4. Qu’est-ce qu’une fraction continue et en quoi celle de $\varphi$ est-elle unique ?
Réponse : Une fraction continue est une écriture d’un nombre réel sous la forme d’un empilement infini de fractions d’entiers. Pour le nombre d’or, nous partons de la relation : $$\varphi = 1 + \frac{1}{\varphi}$$ En remplaçant de façon récursive le $\varphi$ du dénominateur par sa propre définition, on obtient : $$\varphi = 1 + \frac{1}{1 + \frac{1}{\varphi}} = 1 + \frac{1}{1 + \frac{1}{1 + \frac{1}{1 + \dots}}}$$ C’est la fraction continue la plus simple possible, car tous ses coefficients valent $1$. En théorie de l’approximation diophantienne (l’art d’approcher des nombres irrationnels par des fractions rationnelles), les coefficients d’une fraction continue déterminent la rapidité de la convergence. Plus les coefficients sont grands, plus les fractions rationnelles approchent rapidement le nombre. Puisque tous les coefficients du nombre d’or sont égaux à $1$ (le plus petit entier non nul autorisé), le nombre d’or est le nombre irrationnel qui converge le plus lentement possible vers ses approximations rationnelles.
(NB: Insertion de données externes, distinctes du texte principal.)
definition cert7 :: certificate where
  "cert7 =
    (60,
     [([GX, GX, GX, GX, GX, GX, GY], [((-60), [KX, KU, KX, KX, KX, KX])]),
      ([GX, GX, GX, GX, GY, GX, GY], [((-180), [KX, KU, KX, KX, KU]), (240, [KX, KU, KX, KU, KX])]),
      ([GX, GX, GX, GY, GX, GX, GY], [((-60), [KX, KU, KX, KX, KU]), (60, [KX, KU, KX, KU, KX])]),
      ([GX, GX, GY, GX, GY, GX, GY], [((-60), [KX, KU, KU, KU])]),
      ([GX, GX, GX, GY, GX, GY, GY], [(240, [KX, KU, KU, KU]), (60, [KX, KW])])],
     [([GX, GX, GX, GX, GX, GX, GY],
       T 0 (T 0 (T 0 (T 0 (T 0 (T 0 E (T 0 E (T (-60) E E))) (T 0 E (T 0 (T 300 E E) E))) (T 0 E (T 0 (T 0 (T (-600) E E) E) E))) (T 0 (T 0 (T 0 (T 0 E (T 1200 E E)) (T 0 (T (-3600) E E) E)) (T 0 (T 0 (T 3600 E E) E) E)) (T 0 (T 0 (T 0 (T (-600) E E) E) E) E))) (T 0 (T 0 (T 0 (T 0 (T 0 E (T (-1800) E E)) (T 0 (T 4800 E E) E)) (T 0 (T 0 (T (-3600) E E) E) E)) E) (T 0 (T 0 (T 0 (T 0 (T 300 E E) E) E) E) E))) (T 0 (T 0 (T 0 (T 0 (T 0 (T 0 E (T 720 E E)) (T 0 (T (-1800) E E) E)) (T 0 (T 0 (T 1200 E E) E) E)) E) E) (T 0 (T 0 (T 0 (T 0 (T 0 (T (-60) E E) E) E) E) E) E))),
      ([GX, GX, GX, GX, GX, GY, GY],
       T 0 (T 0 (T 0 (T 0 (T 0 E (T 0 E (T 0 E (T (-30) E E)))) (T 0 E (T 0 (T 0 E (T (-30) E E)) (T 0 (T 150 E E) E)))) (T 0 (T 0 (T 0 E (T 0 E (T 660 E E))) (T 0 E (T 0 (T (-1320) E E) E))) (T 0 (T 0 (T 0 E (T (-1350) E E)) (T 0 (T 2790 E E) E)) (T 0 (T 0 (T (-960) E E) E) E)))) (T 0 (T 0 (T 0 (T 0 E (T 0 E (T (-930) E E))) (T 0 (T 0 E (T (-2460) E E)) (T 0 (T 3930 E E) E))) (T 0 (T 0 (T 0 E (T 7860 E E)) (T 0 (T (-10800) E E) E)) (T 0 (T 0 (T 2790 E E) E) E))) (T 0 (T 0 (T 0 (T 0 E (T (-3030) E E)) (T 0 (T 3930 E E) E)) (T 0 (T 0 (T (-1320) E E) E) E)) (T 0 (T 0 (T 0 (T 150 E E) E) E) E)))) (T 0 (T 0 (T 0 (T 0 (T 0 E (T 0 E (T 360 E E))) (T 0 (T 0 E (T 2520 E E)) (T 0 (T (-3030) E E) E))) (T 0 (T 0 (T 0 E (T (-6480) E E)) (T 0 (T 7860 E E) E)) (T 0 (T 0 (T (-1350) E E) E) E))) (T 0 (T 0 (T 0 (T 0 E (T 2520 E E)) (T 0 (T (-2460) E E) E)) E) (T 0 (T 0 (T 0 (T (-30) E E) E) E) E))) (T 0 (T 0 (T 0 (T 0 (T 0 E (T 360 E E)) (T 0 (T (-930) E E) E)) (T 0 (T 0 (T 660 E E) E) E)) E) (T 0 (T 0 (T 0 (T 0 (T (-30) E E) E) E) E) E)))),
      ([GX, GX, GX, GX, GY, GX, GY],
       T 0 (T 0 (T 0 (T 0 E (T 0 E (T 0 (T 0 E (T (-60) E E)) (T 0 (T 60 E E) E)))) (T 0 (T 0 (T 0 E (T 0 E (T 240 E E))) (T 0 E (T 0 (T (-480) E E) E))) (T 0 (T 0 (T 0 E (T (-540) E E)) (T 0 (T 1260 E E) E)) (T 0 (T 0 (T (-480) E E) E) E)))) (T 0 (T 0 (T 0 (T 0 E (T 0 E (T (-420) E E))) (T 0 (T 0 E (T (-600) E E)) (T 0 (T 1380 E E) E))) (T 0 (T 0 (T 0 E (T 2760 E E)) (T 0 (T (-4320) E E) E)) (T 0 (T 0 (T 1260 E E) E) E))) (T 0 (T 0 (T 0 (T 0 E (T (-1020) E E)) (T 0 (T 1380 E E) E)) (T 0 (T 0 (T (-480) E E) E) E)) (T 0 (T 0 (T 0 (T 60 E E) E) E) E)))) (T 0 (T 0 (T 0 (T 0 (T 0 E (T 0 E (T 180 E E))) (T 0 (T 0 E (T 720 E E)) (T 0 (T (-1020) E E) E))) (T 0 (T 0 (T 0 E (T (-2160) E E)) (T 0 (T 2760 E E) E)) (T 0 (T 0 (T (-540) E E) E) E))) (T 0 (T 0 (T 0 (T 0 E (T 720 E E)) (T 0 (T (-600) E E) E)) E) (T 0 (T 0 (T 0 (T (-60) E E) E) E) E))) (T 0 (T 0 (T 0 (T 0 (T 0 E (T 180 E E)) (T 0 (T (-420) E E) E)) (T 0 (T 0 (T 240 E E) E) E)) E) E))),
      ([GX, GX, GX, GY, GX, GX, GY],
       T 0 (T 0 (T 0 E (T 0 (T 0 (T 0 E (T 0 E (T 60 E E))) (T 0 E (T 0 (T (-120) E E) E))) (T 0 (T 0 (T 0 E (T (-180) E E)) (T 0 (T 360 E E) E)) (T 0 (T 0 (T (-120) E E) E) E)))) (T 0 (T 0 (T 0 (T 0 E (T 0 E (T (-120) E E))) (T 0 (T 0 E (T (-240) E E)) (T 0 (T 480 E E) E))) (T 0 (T 0 (T 0 E (T 960 E E)) (T 0 (T (-1440) E E) E)) (T 0 (T 0 (T 360 E E) E) E))) (T 0 (T 0 (T 0 (T 0 E (T (-360) E E)) (T 0 (T 480 E E) E)) (T 0 (T 0 (T (-120) E E) E) E)) E))) (T 0 (T 0 (T 0 (T 0 (T 0 E (T 0 E (T 60 E E))) (T 0 (T 0 E (T 240 E E)) (T 0 (T (-360) E E) E))) (T 0 (T 0 (T 0 E (T (-720) E E)) (T 0 (T 960 E E) E)) (T 0 (T 0 (T (-180) E E) E) E))) (T 0 (T 0 (T 0 (T 0 E (T 240 E E)) (T 0 (T (-240) E E) E)) E) E)) (T 0 (T 0 (T 0 (T 0 (T 0 E (T 60 E E)) (T 0 (T (-120) E E) E)) (T 0 (T 0 (T 60 E E) E) E)) E) E))),
      ([GX, GX, GX, GX, GY, GY, GY],
       T 0 (T 0 (T 0 (T 0 E (T 0 E (T 0 E (T 0 E (T (-20) E E))))) (T 0 (T 0 E (T 0 E (T 0 E (T (-220) E E)))) (T 0 (T 0 E (T 0 E (T 640 E E))) (T 0 (T 0 E (T (-650) E E)) (T 0 (T 290 E E) E))))) (T 0 (T 0 (T 0 E (T 0 E (T 0 E (T 710 E E)))) (T 0 (T 0 E (T 0 E (T (-2210) E E))) (T 0 (T 0 E (T 3340 E E)) (T 0 (T (-2110) E E) E)))) (T 0 (T 0 (T 0 E (T 0 E (T 500 E E))) (T 0 (T 0 E (T (-3130) E E)) (T 0 (T 3060 E E) E))) (T 0 (T 0 (T 0 E (T 1600 E E)) (T 0 (T (-2110) E E) E)) (T 0 (T 0 (T 290 E E) E) E))))) (T 0 (T 0 (T 0 (T 0 E (T 0 E (T 0 E (T (-410) E E)))) (T 0 (T 0 E (T 0 E (T 1590 E E))) (T 0 (T 0 E (T (-2670) E E)) (T 0 (T 1600 E E) E)))) (T 0 (T 0 (T 0 E (T 0 E (T (-920) E E))) (T 0 (T 0 E (T 4000 E E)) (T 0 (T (-3130) E E) E))) (T 0 (T 0 (T 0 E (T (-2670) E E)) (T 0 (T 3340 E E) E)) (T 0 (T 0 (T (-650) E E) E) E)))) (T 0 (T 0 (T 0 (T 0 E (T 0 E (T 280 E E))) (T 0 (T 0 E (T (-920) E E)) (T 0 (T 500 E E) E))) (T 0 (T 0 (T 0 E (T 1590 E E)) (T 0 (T (-2210) E E) E)) (T 0 (T 0 (T 640 E E) E) E))) (T 0 (T 0 (T 0 (T 0 E (T (-410) E E)) (T 0 (T 710 E E) E)) (T 0 (T 0 (T (-220) E E) E) E)) (T 0 (T 0 (T 0 (T (-20) E E) E) E) E))))),
      ([GX, GX, GX, GY, GX, GY, GY],
       T 0 (T 0 (T 0 E (T 0 (T 0 E (T 0 E (T 0 E (T (-120) E E)))) (T 0 (T 0 E (T 0 E (T 300 E E))) (T 0 (T 0 E (T (-300) E E)) (T 0 (T 120 E E) E))))) (T 0 (T 0 (T 0 E (T 0 E (T 0 E (T 300 E E)))) (T 0 (T 0 E (T 0 E (T (-1020) E E))) (T 0 (T 0 E (T 1800 E E)) (T 0 (T (-1140) E E) E)))) (T 0 (T 0 (T 0 E (T 0 E (T 300 E E))) (T 0 (T 0 E (T (-1980) E E)) (T 0 (T 1800 E E) E))) (T 0 (T 0 (T 0 E (T 960 E E)) (T 0 (T (-1140) E E) E)) (T 0 (T 0 (T 120 E E) E) E))))) (T 0 (T 0 (T 0 (T 0 E (T 0 E (T 0 E (T (-180) E E)))) (T 0 (T 0 E (T 0 E (T 780 E E))) (T 0 (T 0 E (T (-1500) E E)) (T 0 (T 960 E E) E)))) (T 0 (T 0 (T 0 E (T 0 E (T (-480) E E))) (T 0 (T 0 E (T 2400 E E)) (T 0 (T (-1980) E E) E))) (T 0 (T 0 (T 0 E (T (-1500) E E)) (T 0 (T 1800 E E) E)) (T 0 (T 0 (T (-300) E E) E) E)))) (T 0 (T 0 (T 0 (T 0 E (T 0 E (T 120 E E))) (T 0 (T 0 E (T (-480) E E)) (T 0 (T 300 E E) E))) (T 0 (T 0 (T 0 E (T 780 E E)) (T 0 (T (-1020) E E) E)) (T 0 (T 0 (T 300 E E) E) E))) (T 0 (T 0 (T 0 (T 0 E (T (-180) E E)) (T 0 (T 300 E E) E)) (T 0 (T 0 (T (-120) E E) E) E)) E)))),
      ([GX, GX, GX, GY, GY, GX, GY],
       T 0 (T 0 (T 0 E (T 0 E (T 0 E (T 0 (T 0 E (T (-30) E E)) (T 0 (T 30 E E) E))))) (T 0 (T 0 (T 0 E (T 0 E (T 0 E (T 30 E E)))) (T 0 (T 0 E (T 0 E (T (-210) E E))) (T 0 (T 0 E (T 660 E E)) (T 0 (T (-510) E E) E)))) (T 0 (T 0 (T 0 E (T 0 E (T 120 E E))) (T 0 (T 0 E (T (-930) E E)) (T 0 (T 900 E E) E))) (T 0 (T 0 (T 0 E (T 420 E E)) (T 0 (T (-510) E E) E)) (T 0 (T 0 (T 30 E E) E) E))))) (T 0 (T 0 (T 0 (T 0 E (T 0 E (T 0 E (T (-30) E E)))) (T 0 (T 0 E (T 0 E (T 210 E E))) (T 0 (T 0 E (T (-570) E E)) (T 0 (T 420 E E) E)))) (T 0 (T 0 (T 0 E (T 0 E (T (-120) E E))) (T 0 (T 0 E (T 960 E E)) (T 0 (T (-930) E E) E))) (T 0 (T 0 (T 0 E (T (-570) E E)) (T 0 (T 660 E E) E)) (T 0 (T 0 (T (-30) E E) E) E)))) (T 0 (T 0 (T 0 E (T 0 (T 0 E (T (-120) E E)) (T 0 (T 120 E E) E))) (T 0 (T 0 (T 0 E (T 210 E E)) (T 0 (T (-210) E E) E)) E)) (T 0 (T 0 (T 0 (T 0 E (T (-30) E E)) (T 0 (T 30 E E) E)) E) E)))),
      ([GX, GX, GY, GX, GX, GY, GY],
       T 0 (T 0 (T 0 E (T 0 (T 0 E (T 0 E (T 0 E (T (-30) E E)))) (T 0 (T 0 E (T 0 E (T 90 E E))) (T 0 (T 0 E (T (-90) E E)) (T 0 (T 30 E E) E))))) (T 0 (T 0 (T 0 E (T 0 E (T 0 E (T 60 E E)))) (T 0 (T 0 E (T 0 E (T (-300) E E))) (T 0 (T 0 E (T 660 E E)) (T 0 (T (-420) E E) E)))) (T 0 (T 0 (T 0 E (T 0 E (T 120 E E))) (T 0 (T 0 E (T (-840) E E)) (T 0 (T 720 E E) E))) (T 0 (T 0 (T 0 E (T 390 E E)) (T 0 (T (-420) E E) E)) (T 0 (T 0 (T 30 E E) E) E))))) (T 0 (T 0 (T 0 (T 0 E (T 0 E (T 0 E (T (-30) E E)))) (T 0 (T 0 E (T 0 E (T 210 E E))) (T 0 (T 0 E (T (-570) E E)) (T 0 (T 390 E E) E)))) (T 0 (T 0 (T 0 E (T 0 E (T (-120) E E))) (T 0 (T 0 E (T 960 E E)) (T 0 (T (-840) E E) E))) (T 0 (T 0 (T 0 E (T (-570) E E)) (T 0 (T 660 E E) E)) (T 0 (T 0 (T (-90) E E) E) E)))) (T 0 (T 0 (T 0 E (T 0 (T 0 E (T (-120) E E)) (T 0 (T 120 E E) E))) (T 0 (T 0 (T 0 E (T 210 E E)) (T 0 (T (-300) E E) E)) (T 0 (T 0 (T 90 E E) E) E))) (T 0 (T 0 (T 0 (T 0 E (T (-30) E E)) (T 0 (T 60 E E) E)) (T 0 (T 0 (T (-30) E E) E) E)) E)))),
      ([GX, GX, GX, GY, GY, GY, GY],
       T 0 (T 0 (T 0 E (T 0 E (T 0 E (T 0 E (T 0 E (T (-15) E E)))))) (T 0 (T 0 E (T 0 E (T 0 E (T 0 E (T (-280) E E))))) (T 0 (T 0 E (T 0 E (T 0 E (T 1105 E E)))) (T 0 (T 0 E (T 0 E (T (-1320) E E))) (T 0 (T 0 E (T 875 E E)) (T 0 (T (-350) E E) E)))))) (T 0 (T 0 (T 0 E (T 0 E (T 0 E (T 0 E (T 355 E E))))) (T 0 (T 0 E (T 0 E (T 0 E (T (-1090) E E)))) (T 0 (T 0 E (T 0 E (T 645 E E))) (T 0 (T 0 E (T (-860) E E)) (T 0 (T 875 E E) E))))) (T 0 (T 0 (T 0 E (T 0 E (T 0 E (T (-165) E E)))) (T 0 (T 0 E (T 0 E (T 990 E E))) (T 0 (T 0 E (T 645 E E)) (T 0 (T (-1320) E E) E)))) (T 0 (T 0 (T 0 E (T 0 E (T (-165) E E))) (T 0 (T 0 E (T (-1090) E E)) (T 0 (T 1105 E E) E))) (T 0 (T 0 (T 0 E (T 355 E E)) (T 0 (T (-280) E E) E)) (T 0 (T 0 (T (-15) E E) E) E)))))),
      ([GX, GX, GY, GX, GY, GX, GY],
       T 0 (T 0 E (T 0 (T 0 E (T 0 (T 0 E (T 0 E (T (-60) E E))) (T 0 (T 0 E (T 240 E E)) (T 0 (T (-180) E E) E)))) (T 0 (T 0 (T 0 E (T 0 E (T 60 E E))) (T 0 (T 0 E (T (-420) E E)) (T 0 (T 360 E E) E))) (T 0 (T 0 (T 0 E (T 180 E E)) (T 0 (T (-180) E E) E)) E)))) (T 0 (T 0 (T 0 E (T 0 (T 0 E (T 0 E (T 60 E E))) (T 0 (T 0 E (T (-240) E E)) (T 0 (T 180 E E) E)))) (T 0 (T 0 (T 0 E (T 0 E (T (-60) E E))) (T 0 (T 0 E (T 480 E E)) (T 0 (T (-420) E E) E))) (T 0 (T 0 (T 0 E (T (-240) E E)) (T 0 (T 240 E E) E)) E))) (T 0 (T 0 (T 0 E (T 0 (T 0 E (T (-60) E E)) (T 0 (T 60 E E) E))) (T 0 (T 0 (T 0 E (T 60 E E)) (T 0 (T (-60) E E) E)) E)) E))),
      ([GX, GX, GY, GX, GY, GY, GY],
       T 0 (T 0 E (T 0 (T 0 E (T 0 E (T 0 E (T 0 E (T (-140) E E))))) (T 0 (T 0 E (T 0 E (T 0 E (T 500 E E)))) (T 0 (T 0 E (T 0 E (T (-600) E E))) (T 0 (T 0 E (T 400 E E)) (T 0 (T (-160) E E) E)))))) (T 0 (T 0 (T 0 E (T 0 E (T 0 E (T 0 E (T 140 E E))))) (T 0 (T 0 E (T 0 E (T 0 E (T (-440) E E)))) (T 0 (T 0 E (T 0 E (T 300 E E))) (T 0 (T 0 E (T (-400) E E)) (T 0 (T 400 E E) E))))) (T 0 (T 0 (T 0 E (T 0 E (T 0 E (T (-60) E E)))) (T 0 (T 0 E (T 0 E (T 360 E E))) (T 0 (T 0 E (T 300 E E)) (T 0 (T (-600) E E) E)))) (T 0 (T 0 (T 0 E (T 0 E (T (-60) E E))) (T 0 (T 0 E (T (-440) E E)) (T 0 (T 500 E E) E))) (T 0 (T 0 (T 0 E (T 140 E E)) (T 0 (T (-140) E E) E)) E))))),
      ([GX, GX, GY, GY, GY, GX, GY],
       T 0 (T 0 E (T 0 (T 0 E (T 0 E (T 0 E (T 0 E (T 20 E E))))) (T 0 (T 0 E (T 0 E (T 0 E (T (-80) E E)))) (T 0 (T 0 E (T 0 E (T 120 E E))) (T 0 (T 0 E (T (-100) E E)) (T 0 (T 40 E E) E)))))) (T 0 (T 0 (T 0 E (T 0 E (T 0 E (T 0 E (T (-20) E E))))) (T 0 (T 0 E (T 0 E (T 0 E (T 80 E E)))) (T 0 (T 0 E (T 0 E (T (-120) E E))) (T 0 (T 0 E (T 160 E E)) (T 0 (T (-100) E E) E))))) (T 0 (T 0 E (T 0 E (T 0 (T 0 E (T (-120) E E)) (T 0 (T 120 E E) E)))) (T 0 (T 0 E (T 0 (T 0 E (T 80 E E)) (T 0 (T (-80) E E) E))) (T 0 (T 0 (T 0 E (T (-20) E E)) (T 0 (T 20 E E) E)) E))))),
      ([GX, GX, GY, GY, GY, GY, GY],
       T 0 (T 0 E (T 0 E (T 0 E (T 0 E (T 0 E (T 0 E (T (-12) E E))))))) (T 0 (T 0 E (T 0 E (T 0 E (T 0 E (T 0 E (T 72 E E)))))) (T 0 (T 0 E (T 0 E (T 0 E (T 0 E (T (-180) E E))))) (T 0 (T 0 E (T 0 E (T 0 E (T 240 E E)))) (T 0 (T 0 E (T 0 E (T (-180) E E))) (T 0 (T 0 E (T 72 E E)) (T 0 (T (-12) E E) E)))))))])"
Pour cette raison, les mathématiciens qualifient le nombre d’or de “plus irrationnel de tous les nombres réels”, ce qui explique pourquoi il est optimal pour éviter l’alignement périodique en phyllotaxie.
5. En quoi l’étude de la suite de Fibonacci est-elle utile en informatique (algorithmique) ?
Réponse : La suite de Fibonacci est un classique en algorithmique qui permet d’illustrer plusieurs concepts fondamentaux :
- La récursivité vs la programmation dynamique : Un algorithme récursif naïf implémentant directement la formule $F_n = F_{n-1} + F_{n-2}$ possède une complexité temporelle exponentielle en $O(\varphi^n)$ car il recalcule de nombreuses fois les mêmes valeurs. En stockant les résultats intermédiaires dans un tableau (programmation dynamique), on réduit la complexité à $O(n)$ opérations.
- La structure de données “Tas de Fibonacci” (Fibonacci Heap) : C’est une structure de file de priorité très performante utilisée dans des algorithmes d’optimisation de graphes, comme l’algorithme de Dijkstra pour trouver le plus court chemin dans un réseau.
- Le codage de Fibonacci : Un système de codage d’entiers utilisé en compression de données qui repose sur le théorème de Zeckendorf, affirmant que tout entier positif peut s’écrire de manière unique comme la somme de nombres de Fibonacci non consécutifs.